Hawaii's Public Utilities Commissioners apparently were all at the beach when they should have been in Econ 101.
HONOLULU - In an effort to gain some control over what motorists pay at the pump, Hawaii on Wednesday became the first state in the U.S. to set caps on the wholesale price of gasoline.
Any freshman economics student can tell you that price controls discourage production, leading to reduced supply and eventually shortages. Anyone remember the 70's?
Fereidun Fesharaki, an energy expert at the University of Hawaii's East-West Center in Honolulu, said the gas cap was "a stupid idea" that would be bad for competition and, ultimately, consumers.

"It may make one of the refineries shut down and leave Hawaii," Fesharaki said.

Monday, August 22, 2005

Shameless plug

Once again, my two favorite blog carnivals are fired up and running today.

The Carnival of Personal Finance is a weekly collection blog entries about, well, personal finance. Check it out at Frugal for Life and read all of the great entries.

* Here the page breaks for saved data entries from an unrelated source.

(* Let $n\ge2$, $0<b_1\le\dots\le b_n$, and define $S>0$ by $S^{\frac{1}{n-1}}=\frac{2^{n+6}}{3}20^{\frac{n-2}{2}}\max_{1\le k\le n}20^{\frac{k(k-1)}{2}}\frac{b_1\cdots b_n}{b_k^n}$. Let $0<a_1\le\dots\le a_n$ satisfy $a_1\cdots a_n=b_1\cdots b_n$, $\frac{a_k}{a_{k-1}}<20$ for all $2\le k\le n-1$, and $\frac{a_n}{a_k}>20^{-\frac{n-2}{2}}S^{\frac{1}{n-1}}$ for all $1\le k\le n-1$. Then $b_k>2a_k$ for all $1\le k\le n-1$. *)

theory Defs
  imports "HOL-Analysis.Analysis"
begin

end

theory Submission
  imports Defs
begin

text \<open>
  Suppose \<open>b\<^sub>k \<le> 2 a\<^sub>k\<close>. Writing \<open>E\<^sub>k = 20^(k(k-1)/2)\<close>, \<open>B = b\<^sub>1\<cdots>b\<^sub>n\<close> and \<open>M\<close> for
  the maximum in the definition of \<open>S\<close>, the index \<open>k\<close> of that maximum gives
  \<open>E\<^sub>k B \<le> M b\<^sub>k\<^sup>n \<le> 2\<^sup>n M a\<^sub>k\<^sup>n\<close>. On the other hand the hypothesis on \<open>a\<^sub>n / a\<^sub>n\<^sub>-\<^sub>1\<close>
  says \<open>a\<^sub>n > c M a\<^sub>n\<^sub>-\<^sub>1\<close> with \<open>c = 2\<^bsup>n+6\<^esup>/3 \<ge> 2\<^sup>n\<close>, and the ratio bound gives
  \<open>a\<^sub>k\<^sup>k \<le> E\<^sub>k a\<^sub>1\<cdots>a\<^sub>k\<close>, so splitting \<open>B = a\<^sub>1\<cdots>a\<^sub>n\<close> at \<open>k\<close> and \<open>n - 1\<close> yields
  \<open>E\<^sub>k B \<ge> a\<^sub>k\<^bsup>n-1\<^esup> a\<^sub>n > c M a\<^sub>k\<^sup>n\<close>, a contradiction.
\<close>

lemma pos_of_stepwise_mono:
  fixes a :: "nat \<Rightarrow> real"
  assumes "a 1 > 0" and "\<And>k. 1 \<le> k \<Longrightarrow> k < n \<Longrightarrow> a k \<le> a (k + 1)"
    and "1 \<le> i" "i \<le> n"
  shows "a i > 0"
  using assms(3,4)
proof (induction i rule: dec_induct)
  case base then show ?case using assms(1) by simp
next
  case (step m) then show ?case using assms(2)[of m] by simp
qed

lemma le_of_stepwise_mono:
  fixes a :: "nat \<Rightarrow> real"
  assumes "\<And>k. 1 \<le> k \<Longrightarrow> k < n \<Longrightarrow> a k \<le> a (k + 1)"
    and "1 \<le> i" "i \<le> j" "j \<le> n"
  shows "a i \<le> a j"
  using assms(3,4)
proof (induction j rule: dec_induct)
  case base then show ?case by simp
next
  case (step m) then show ?case using assms(1)[of m] assms(2) by simp
qed

lemma pow_le_powr_mul_prod_of_ratio_le:
  fixes a :: "nat \<Rightarrow> real"
  assumes pos: "\<And>i. 1 \<le> i \<Longrightarrow> i \<le> m \<Longrightarrow> a i > 0"
    and ratio: "\<And>i. 2 \<le> i \<Longrightarrow> i \<le> m \<Longrightarrow> a i / a (i - 1) \<le> r"
    and "r > 0" "1 \<le> k" "k \<le> m"
  shows "a k ^ k \<le> r powr (real k * (real k - 1) / 2) * (\<Prod>i=1..k. a i)"
  using assms(4,5)
proof (induction k rule: dec_induct)
  case base then show ?case using assms(3) by simp
next
  case (step j)
  have aj: "a j > 0" and aSj: "a (Suc j) > 0" using pos step by auto
  have "a (Suc j) / a j \<le> r" using ratio[of "Suc j"] step by simp
  hence r: "a (Suc j) \<le> r * a j" using aj by (simp add: divide_le_eq)
  have "a (Suc j) ^ Suc j = a (Suc j) ^ j * a (Suc j)" by simp
  also have "\<dots> \<le> r ^ j * a j ^ j * a (Suc j)"
    using r aj aSj by (simp add: mult_right_mono power_mono flip: power_mult_distrib)
  also have "\<dots> \<le> r ^ j * (r powr (real j * (real j - 1) / 2) * (\<Prod>i=1..j. a i)) * a (Suc j)"
    using step assms(3) aSj by (intro mult_right_mono mult_left_mono) auto
  also have "\<dots> = (r powr real j * r powr (real j * (real j - 1) / 2)) * ((\<Prod>i=1..j. a i) * a (Suc j))"
    using assms(3) by (simp add: powr_realpow)
  also have "r powr real j * r powr (real j * (real j - 1) / 2)
      = r powr (real (Suc j) * (real (Suc j) - 1) / 2)"
    by (simp add: powr_add[symmetric] algebra_simps add_divide_distrib diff_divide_distrib)
  also have "(\<Prod>i=1..j. a i) * a (Suc j) = (\<Prod>i=1..Suc j. a i)"
    using step by (simp add: prod.nat_ivl_Suc')
  finally show ?case .
qed

lemma mul_pow_lt_powr_mul_prod:
  fixes a :: "nat \<Rightarrow> real"
  assumes pos: "\<And>i. 1 \<le> i \<Longrightarrow> i \<le> n \<Longrightarrow> a i > 0"
    and mono: "\<And>i. 1 \<le> i \<Longrightarrow> i < n \<Longrightarrow> a i \<le> a (i + 1)"
    and ratio: "\<And>i. 2 \<le> i \<Longrightarrow> i \<le> n - 1 \<Longrightarrow> a i / a (i - 1) \<le> r"
    and "r > 0" and last: "a n > C * a (n - 1)" and "C \<ge> 0"
    and k: "1 \<le> k" "k \<le> n - 1"
  shows "C * a k ^ n < r powr (real k * (real k - 1) / 2) * (\<Prod>i=1..n. a i)"
proof -
  define E where "E = r powr (real k * (real k - 1) / 2)"
  have "n \<ge> 2" and ak: "a k > 0" using k pos by auto
  have a_le: "a i \<le> a j" if "1 \<le> i" "i \<le> j" "j \<le> n" for i j
    using mono that by (rule le_of_stepwise_mono)
  have prod_split: "(\<Prod>i=1..n. a i) = (\<Prod>i=1..k. a i) * (\<Prod>i=k+1..n-1. a i) * a n"
  proof -
    have "{1..n-1} = {1..k} \<union> {k+1..n-1}" using k by auto
    moreover have "(\<Prod>i=1..n. a i) = (\<Prod>i=1..n-1. a i) * a n"
      using \<open>n \<ge> 2\<close> by (cases n) (simp_all add: prod.nat_ivl_Suc')
    ultimately show ?thesis by (simp add: prod.union_disjoint)
  qed
  have head: "a k ^ k \<le> E * (\<Prod>i=1..k. a i)"
    unfolding E_def using pos ratio k \<open>r > 0\<close> by (intro pow_le_powr_mul_prod_of_ratio_le) auto
  have middle: "a k ^ (n - 1 - k) \<le> (\<Prod>i=k+1..n-1. a i)"
  proof -
    have "(\<Prod>i=k+1..n-1. a k) \<le> (\<Prod>i=k+1..n-1. a i)"
      using ak k by (intro prod_mono) (auto intro: a_le)
    then show ?thesis by simp
  qed
  have "C * a k ^ n = a k ^ k * a k ^ (n - 1 - k) * (C * a k)"
    using k \<open>n \<ge> 2\<close> by (simp add: power_add[symmetric] power_Suc2[symmetric])
  also have "\<dots> \<le> a k ^ k * a k ^ (n - 1 - k) * (C * a (n - 1))"
    using a_le[of k "n - 1"] k ak \<open>C \<ge> 0\<close>
    by (intro mult_left_mono) auto
  also have "\<dots> < a k ^ k * a k ^ (n - 1 - k) * a n"
    using last ak by simp
  also have "\<dots> \<le> E * (\<Prod>i=1..k. a i) * (\<Prod>i=k+1..n-1. a i) * a n"
    using head middle ak pos[of n] order_trans[OF zero_le_power head] \<open>n \<ge> 2\<close>
    by (intro mult_right_mono mult_mono) (auto intro!: prod_nonneg less_imp_le[OF pos])
  finally show ?thesis unfolding prod_split E_def by (simp add: mult.assoc)
qed

theorem lemma3p6:
  fixes n :: nat and a b :: "nat \<Rightarrow> real" and S :: real
  assumes n2: "n \<ge> 2"
    and bpos: "b 1 > 0"
    and bmono: "\<And>k. 1 \<le> k \<Longrightarrow> k < n \<Longrightarrow> b k \<le> b (k + 1)"
    and Spos: "S > 0"
    and Sdef: "S powr (1 / (real n - 1)) =
      (2 ^ (n + 6) / 3) * 20 powr ((real n - 2) / 2) *
      (MAX k\<in>{1..n}. 20 powr (real k * (real k - 1) / 2) * (\<Prod>i=1..n. b i) / (b k) ^ n)"
    and apos: "a 1 > 0"
    and amono: "\<And>k. 1 \<le> k \<Longrightarrow> k < n \<Longrightarrow> a k \<le> a (k + 1)"
    and prod_eq: "(\<Prod>i=1..n. a i) = (\<Prod>i=1..n. b i)"
    and ratio: "\<And>k. 2 \<le> k \<Longrightarrow> k \<le> n - 1 \<Longrightarrow> a k / a (k - 1) < 20"
    and big: "\<And>k. 1 \<le> k \<Longrightarrow> k \<le> n - 1 \<Longrightarrow>
      a n / a k > 20 powr (- ((real n - 2) / 2)) * S powr (1 / (real n - 1))"
  shows "\<forall>k. 1 \<le> k \<and> k \<le> n - 1 \<longrightarrow> b k > 2 * a k"
proof (intro allI impI, rule ccontr)
  fix k assume k: "1 \<le> k \<and> k \<le> n - 1" and "\<not> b k > 2 * a k"
  define M where "M = (MAX k\<in>{1..n}. 20 powr (real k * (real k - 1) / 2) * (\<Prod>i=1..n. b i) / (b k) ^ n)"
  define E :: real where "E = 20 powr (real k * (real k - 1) / 2)"
  define c :: real where "c = 2 ^ (n + 6) / 3"
  have ap: "a i > 0" if "1 \<le> i" "i \<le> n" for i
    using apos amono that by (rule pos_of_stepwise_mono)
  have bp: "b i > 0" if "1 \<le> i" "i \<le> n" for i
    using bpos bmono that by (rule pos_of_stepwise_mono)
  have ak: "a k > 0" using ap k by auto
  have bk: "0 < b k" "b k \<le> 2 * a k" using bp k \<open>\<not> b k > 2 * a k\<close> by auto
  have M_ge: "E * (\<Prod>i=1..n. b i) / b k ^ n \<le> M"
    unfolding M_def E_def by (rule Max_ge) (use k in auto)
  have "0 \<le> E * (\<Prod>i=1..n. b i) / b k ^ n"
    unfolding E_def using bp bk
    by (intro divide_nonneg_nonneg mult_nonneg_nonneg prod_nonneg) (auto intro: less_imp_le)
  with M_ge have "M \<ge> 0" by linarith
  have "a n / a (n - 1) > c * M"
    using big[of "n - 1"] n2 unfolding Sdef c_def M_def by (simp add: powr_minus field_simps)
  hence "c * M * a k ^ n < E * (\<Prod>i=1..n. b i)"
    unfolding E_def prod_eq[symmetric] using ap amono ratio k n2 \<open>M \<ge> 0\<close>
    by (intro mul_pow_lt_powr_mul_prod) (auto simp: less_divide_eq less_imp_le c_def)
  also have "\<dots> \<le> M * b k ^ n"
    using M_ge bk by (simp add: divide_le_eq)
  also have "\<dots> \<le> M * (2 * a k) ^ n"
    using bk \<open>M \<ge> 0\<close> by (intro mult_left_mono power_mono) auto
  also have "\<dots> \<le> c * M * a k ^ n"
    using \<open>M \<ge> 0\<close> ak
    by (simp add: c_def power_mult_distrib power_add mult_right_mono mult_nonneg_nonneg)
  finally show False by simp
qed

end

Strange Brand has all of the Carnival of the Capitalists entries. I tried to pick a few favorites but it's going to take all week just to read them all.

Sunday, August 21, 2005

Garage doors and financial planning

Shortly after moving into our first new home we decided that electric garage door openers were an affordable luxury, especially if I installed them myself. After all, the box did say "Installs easily in an afternoon". Well, complications arose and the weekend was wasted trying to get them to work properly. I finally caved in and hired a professional who had them working beautifully in 30 minutes and for 50 bucks. The lesson: There is great value in hiring qualified professionals.

As I am not always the best student, this lesson was repeated to me a couple of short years later in the form a plumbing project gone bad. Trying to save a few bucks on a plumber resulted in a day without running water and a $500 repair bill. Life would have been so much simpler and cheaper in the long run had I just hired a professional from the start.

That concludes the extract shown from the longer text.